Results: The results showed that our 14-layer CNN secured a sensitivity of 98.77 ± 0.35%, a specificity of 98.76 ± 0.58%, and an accuracy of 98.77 ± 0.39%.

Conclusion: Our results were compared with CNN using maximum pooling and average pooling. The comparison shows stochastic pooling gives better performance than other two pooling methods. Furthermore, we compared our proposed method with six state-of-the-art approaches, including five traditional artificial intelligence methods and one deep learning method. The comparison shows our method is superior to all other six state-of-the-art approaches.

Introduction

Multiple sclerosis (abbreviated as MS) is a condition that affects the brain and/or spinal cord (Chavoshi Tarzjani et al., 2018). It will lead to a wide range of probable symptoms, likely with balance (Shiri et al., 2018), vision, movement, sensation (Demura et al., 2016), etc. It has two main types: (i) relapsing remitting MS and (ii) primary progressive MS. More than eight out of every ten diagnosed MS patients are of the “relapsing remitting” type (Guillamó et al., 2018).

MS diagnosis may be confused with other white matter diseases, such as neuromyelitis optica (NMO) (Lana-Peixoto et al., 2018), acute cerebral infarction (ACI) (Deguchi et al., 2018), acute disseminated encephalomyelitis (ADEM) (Desse et al., 2018), etc. Hence, accurate diagnosis of MS is important for patients and following treatments. In this study, a preliminary study that identifies MS from healthy controls with the help of magnetic resonance imaging (MRI) was investigated and implemented.

Recently, researchers tend to use computer vision and image processing (Zhang and Wu, 2008, 2009; Zhang et al., 2009a,b, 2010a,b) techniques to accomplish MS automatic-identification tasks. For instances, Murray et al. (2010) proposed to use multiscale amplitude modulation and frequency modulation (AM-FM) to identify MS. Nayak et al. (2016) presented a novel method, combining AdaBoost with random forest (ARF). Wang et al. (2016) combined biorthogonal wavelet transform (BWT) and logistic regression (LR). Wu and Lopez (2017) used four-level Haar wavelet transform (HWT). Zhang et al. (2017) proposed a novel MS identification system based on Minkowski-Bouligand Dimension (MBD).

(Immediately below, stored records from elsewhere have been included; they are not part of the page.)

lemma mspan_induct [consumes 1, case_names zero add smult]:
  assumes "M \<in> mspan n X"
    and "P (0\<^sub>m n n)"
    and "\<And>A B. B \<in> carrier_mat n n \<Longrightarrow> P A \<Longrightarrow> P B \<Longrightarrow> P (A + B)"
    and "\<And>c A. A \<in> X \<Longrightarrow> P (c \<cdot>\<^sub>m A)"
  shows "P M"
proof -
  obtain cs As where "length cs = length As" "set As \<subseteq> X"
    and M: "M = msum n (map (\<lambda>(c, A). c \<cdot>\<^sub>m A) (zip cs As))"
    using assms(1) unfolding mspan_def by blast
  then show ?thesis
    by (induction cs As arbitrary: M rule: list_induct2) (auto intro: assms(2-4) msum_carrier)
qed

lemma ghat_carrier: "ghat n E \<subseteq> carrier_mat n n"
  unfolding ghat_def by (rule mspan_carrier)

lemma nc_tensor_carrier: "nc_tensor n S m T \<subseteq> carrier_mat (n * m) (n * m)"
  unfolding nc_tensor_def by (rule mspan_carrier)

lemma block_index_less:
  fixes x a n q :: nat
  assumes "x < n" and "a < q"
  shows "x * q + a < n * q"
proof -
  have "x * q + a < Suc x * q" using assms(2) by simp
  also have "\<dots> \<le> n * q" using assms(1) by (intro mult_le_mono1) simp
  finally show ?thesis .
qed

lemma nc_tensor_Cd_block_scalar:
  assumes S: "S \<subseteq> carrier_mat n n" and X: "X \<in> nc_tensor n S q (Cd q)"
    and "x < n" "y < n" "a < q" "b < q"
  shows "X $$ (x * q + a, y * q + b) = (if a = b then X $$ (x * q, y * q) else 0)"
proof -
  have idx: "x * q + a < n * q" "y * q + b < n * q" "x * q < n * q" "y * q < n * q"
    using assms(3-6) block_index_less[of x n] block_index_less[of y n] by auto
  have div_mod: "(x * q + a) div q = x" "(x * q + a) mod q = a" "(y * q + b) div q = y"
      "(y * q + b) mod q = b" "(x * q) div q = x" "(y * q) div q = y" "(x * q) mod q = 0"
      "(y * q) mod q = 0"
    using assms(5,6) by simp_all
  from X[unfolded nc_tensor_def] show ?thesis
  proof (induction rule: mspan_induct)
    case zero
    show ?case using idx by simp
  next
    case (add A B)
    then show ?case using idx by simp
  next
    case (smult c K)
    then obtain A e where K: "K = kron A (e \<cdot>\<^sub>m 1\<^sub>m q)" and "A \<in> S"
      unfolding Cd_def by blast
    then have "A \<in> carrier_mat n n" using S by blast
    then show ?case using idx assms(5,6) unfolding K by (simp add: kron_def div_mod)
  qed
qed
lemma frechet_derivative_cong_open:
  assumes "open U" "x \<in> U" "\<And>y. y \<in> U \<Longrightarrow> f y = g y"
  shows "frechet_derivative f (at x) = frechet_derivative g (at x)"
proof -
  have "\<And>f'. (f has_derivative f') (at x) \<longleftrightarrow> (g has_derivative f') (at x)"
    using has_derivative_transform_within_open[OF _ assms(1,2)] assms(3) by metis
  then show ?thesis unfolding frechet_derivative_def by simp
qed

lemma iter_deriv_cong_open:
  assumes "open U" "\<And>y. y \<in> U \<Longrightarrow> f y = g y" "x \<in> U"
  shows "iter_deriv f vs x = iter_deriv g vs x"
  using assms(3)
proof (induction vs arbitrary: x)
  case Nil
  then show ?case using assms by simp
next
  case (Cons v vs)
  then show ?case
    using frechet_derivative_cong_open[OF assms(1) Cons.prems, of "iter_deriv f vs" "iter_deriv g vs"]
    by simp
qed

lemma differentiable_on_cong_open:
  assumes "open U" "\<And>y. y \<in> U \<Longrightarrow> f y = g y" "g differentiable_on U"
  shows "f differentiable_on U"
  unfolding differentiable_on_eq_differentiable_at[OF assms(1)]
proof
  fix x
  assume "x \<in> U"
  with assms(1,3) obtain g' where "(g has_derivative g') (at x)"
    by (auto simp: differentiable_on_eq_differentiable_at differentiable_def)
  then have "(f has_derivative g') (at x)"
    by (rule has_derivative_transform_within_open[OF _ assms(1) \<open>x \<in> U\<close>]) (simp add: assms(2))
  then show "f differentiable at x" by (rule differentiableI)
qed

definition times_differentiable_on ::
    "nat \<Rightarrow> 'a::real_normed_vector set \<Rightarrow> ('a \<Rightarrow> 'b::real_normed_vector) \<Rightarrow> bool" where
  "times_differentiable_on n U f \<longleftrightarrow> (\<forall>ws. length ws < n \<longrightarrow> iter_deriv f ws differentiable_on U)"

lemma smooth_on_iff_times_differentiable_on:
  "smooth_on U f \<longleftrightarrow> (\<forall>n. times_differentiable_on n U f)"
  unfolding smooth_on_def times_differentiable_on_def by (meson lessI)

lemma smooth_on_imp_times_differentiable_on: "smooth_on U f \<Longrightarrow> times_differentiable_on n U f"
  by (simp add: smooth_on_iff_times_differentiable_on)

lemma times_differentiable_on_mono:
  "times_differentiable_on n U f \<Longrightarrow> m \<le> n \<Longrightarrow> times_differentiable_on m U f"
  unfolding times_differentiable_on_def by auto

lemma times_differentiable_on_iter_deriv:
  "times_differentiable_on (Suc n) U f \<Longrightarrow> times_differentiable_on n U (iter_deriv f [v])"
  unfolding times_differentiable_on_def by (metis iter_deriv_append length_append_singleton not_less_eq)

lemma smooth_on_iter_deriv: "smooth_on U f \<Longrightarrow> smooth_on U (iter_deriv f vs)"
  unfolding smooth_on_def by (metis iter_deriv_append)

lemma has_derivative_iter_deriv:
  assumes "open U" "times_differentiable_on n U f" "length ws < n" "x \<in> U"
  shows "(iter_deriv f ws has_derivative (\<lambda>v. iter_deriv f (v # ws) x)) (at x)"
proof -
  have "iter_deriv f ws differentiable at x"
    using assms unfolding times_differentiable_on_def differentiable_on_eq_differentiable_at[OF assms(1)]
    by blast
  then show ?thesis using frechet_derivative_works by fastforce
qed

lemma times_differentiable_on_imp_differentiable_on:
  "times_differentiable_on (Suc n) U f \<Longrightarrow> f differentiable_on U"
  unfolding times_differentiable_on_def by (metis iter_deriv.simps(1) list.size(3) zero_less_Suc)

lemma smooth_on_imp_differentiable_at: "open U \<Longrightarrow> smooth_on U f \<Longrightarrow> x \<in> U \<Longrightarrow> f differentiable at x"
  using times_differentiable_on_imp_differentiable_on smooth_on_imp_times_differentiable_on
    differentiable_on_eq_differentiable_at by blast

Above methods secured promising results. Nevertheless, their methods need to extract features beforehand, and they need to validate their hand-extracted features effective (Chang, 2018a,b,c; Lee et al., 2018). Recently, convolutional neural network (CNN) attracts the research interest of scholars, since it can mechanically develop the features by its early layers. CNN has already been applied to many fields, such as biometric identification (Das et al., 2019), manipulation detection (Bayar and Stamm, 2018), etc. Zhang et al. (2018) is the first to apply CNN to identify MS, and their method achieved an overall accuracy of 98.23%.

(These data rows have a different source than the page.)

(* Let $\Sigma=\mathbb{S}^{n-1}\times\mathbb{R}\subset\mathbb{R}^{n+1}$ be a self-shrinker, with $x_n$ the coordinate on the $\mathbb{R}$ factor. Then $C=\sqrt2$ is the unique value $C>0$ such that the two hypersurfaces $\{x_n=\pm C\}$ split $\Sigma$ into three stable regions $\{x_n>C\}$, $\{|x_n|<C\}$, $\{x_n<-C\}$.
   Context: $\mathbb{S}^{n-1}$ is the round sphere of radius $\sqrt{2(n-1)}$ centered at the origin of $\mathbb{R}^n$. Stability operator: $Lf=\Delta f-\tfrac12\langle\vec x,\nabla f\rangle+(|A|^2+\tfrac12)f$. A region $\Omega$ is stable if there exists a function $u$ with $Lu=0$ and $u>0$ on $\Omega$. *)

theory Defs
  imports "HOL-Analysis.Analysis"
begin

text \<open>Ambient space R^(n+1) = R^n x R, where n = CARD('n); the last (R) coordinate is x_n.\<close>

definition shrink_radius :: "nat \<Rightarrow> real" where
  "shrink_radius n = sqrt (2 * (real n - 1))"

definition Sigma_cyl :: "((real^'n) \<times> real) set" where
  "Sigma_cyl = {(y, t). norm y = shrink_radius CARD('n)}"

text \<open>Nearest-point projection onto the cylinder (defined off the axis y = 0).\<close>
definition cyl_proj :: "(real^'n) \<times> real \<Rightarrow> (real^'n) \<times> real" where
  "cyl_proj p = ((shrink_radius CARD('n) / norm (fst p)) *\<^sub>R fst p, snd p)"

definition cyl_sdist :: "(real^'n) \<times> real \<Rightarrow> real" where
  "cyl_sdist p = norm (fst p) - shrink_radius CARD('n)"

definition pd :: "'a::real_normed_vector \<Rightarrow> ('a \<Rightarrow> real) \<Rightarrow> 'a \<Rightarrow> real" where
  "pd b F p = deriv (\<lambda>s. F (p + s *\<^sub>R b)) 0"

definition eucl_grad :: "('a::euclidean_space \<Rightarrow> real) \<Rightarrow> 'a \<Rightarrow> 'a" where
  "eucl_grad F p = (\<Sum>b\<in>Basis. pd b F p *\<^sub>R b)"

definition eucl_lap :: "('a::euclidean_space \<Rightarrow> real) \<Rightarrow> 'a \<Rightarrow> real" where
  "eucl_lap F p = (\<Sum>b\<in>Basis. pd b (pd b F) p)"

This study is based on the CNN structure of Zhang et al. (2018). We proposed two other improvements: batch normalization and stochastic pooling. In addition, we used dynamic learning rate to accelerate the convergence. Learning rate is a parameter to control how quickly the proposed model converge to a local minimal. Low learning rate means a slow speed toward the downward slope. However, it can certain that we won't miss the local minimum but a long time to converge. Therefore, in our research, we set the learning rate a large value and reduce it by every given number of epochs instead of the fixed small learning rate until achieve convergence.

The rest of this paper is organized as follows: section Data Preprocessing described the data processing including data sources and data preprocessing. Section Methodology illustrates the method used in our research. Section Experiments, Results, and Discussions provided the experiment result and discussion.

Data Preprocessing

Two Sources

The dataset in this study were obtained from Zhang et al. (2018). First, MS images were obtained from the eHealth laboratory (2018). All brain lesions were identified and delineated by experienced MS neurologists, and were confirmed by radiologists. Second, the healthy controls were used from 681 slices of 26 healthy controls provided in Zhang et al. (2018). Table 1 shows the demographic characteristics of two datasets.

TABLE 1

Table 1. Demographic characteristics of two datasets.

Figure 1A shows the original slice, and Figure 1B shows the delineated results with four plaques, Areas surrounded by red line denotes the plaque. Figures 1C,D presents two slices from healthy controls.

FIGURE 1

Figure 1. Samples of our dataset. (A) Original MS image. (B) MS image with plaque delineated. (C) Healthy control image I. (D) Healthy control image II.

Contrast Normalization

The brain slices are from two different sources; hence, the scanner machines may have different hardware setting (scanning sequence) and software settings (reconstruction from k-space, the store format, etc.). It is necessary to match the two sources of images in terms of gray-level intensities. This is also called contrast normalization, with aim of achieving consistency in dynamic range of various sources of data.

Histogram stretching (HS) method (Li et al., 2018) was chosen due to ease of implementation. HS aims to enhance the contrast by stretching the range of intensity values of two sources of images to the same range, providing the effect of inter-scan normalization.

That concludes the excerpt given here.